** Records shown follows **

(* Let $X$ be an irreducible affine variety over $\mathbb{C}$, $\mathcal{F}$ an algebraic foliation on $X$, and $F$ a finite-dimensional $\mathbb{C}$-vector subspace of $\mathcal{O}_X$. Then the map $\varphi_F:X\to\mathbb{N}$, $\varphi_F(x)=\dim_{\mathbb{C}}F-\dim_{\mathbb{C}}(I(\mathcal{F},x)\cap F)$, is lower semi-continuous for the Zariski topology, i.e. $\varphi_F^{-1}([0,r])$ is Zariski closed for every $r$.
   Context: $\mathcal{O}_X$ is the ring of regular functions on $X$; an algebraic foliation $\mathcal{F}$ is a collection of $\mathbb{C}$-derivations of $\mathcal{O}_X$ stable under Lie bracket. For $x\in X$, $I(\mathcal{F},x)$ is the largest ideal $I$ of $\mathcal{O}_X$ contained in the maximal ideal of $x$ with $\partial(I)\subseteq I$ for all $\partial\in\mathcal{F}$. *)

theory Defs
  imports Complex_Main "HOL-Library.Function_Algebras"
begin

text \<open>Affine space C^n is modelled as the type of functions 'n => complex with 'n finite.
  Polynomial functions on C^n are generated by constants and coordinates under + and *.\<close>

inductive_set polyfun :: "(('n::finite \<Rightarrow> complex) \<Rightarrow> complex) set" where
  pf_const: "(\<lambda>x. c) \<in> polyfun"
| pf_coord: "(\<lambda>x. x i) \<in> polyfun"
| pf_add: "p \<in> polyfun \<Longrightarrow> q \<in> polyfun \<Longrightarrow> (\<lambda>x. p x + q x) \<in> polyfun"
| pf_mult: "p \<in> polyfun \<Longrightarrow> q \<in> polyfun \<Longrightarrow> (\<lambda>x. p x * q x) \<in> polyfun"

definition zariski_closed :: "('n::finite \<Rightarrow> complex) set \<Rightarrow> bool" where
  "zariski_closed A \<longleftrightarrow> (\<exists>S \<subseteq> polyfun. A = {x. \<forall>p\<in>S. p x = 0})"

** End of Records shown **

Find the lines that mention "with" in the entries and show them.

*Task solution*
   Context: $\mathcal{O}_X$ is the ring of regular functions on $X$; an algebraic foliation $\mathcal{F}$ is a collection of $\mathbb{C}$-derivations of $\mathcal{O}_X$ stable under Lie bracket. For $x\in X$, $I(\mathcal{F},x)$ is the largest ideal $I$ of $\mathcal{O}_X$ contained in the maximal ideal of $x$ with $\partial(I)\subseteq I$ for all $\partial\in\mathcal{F}$. *)
text \<open>Affine space C^n is modelled as the type of functions 'n => complex with 'n finite.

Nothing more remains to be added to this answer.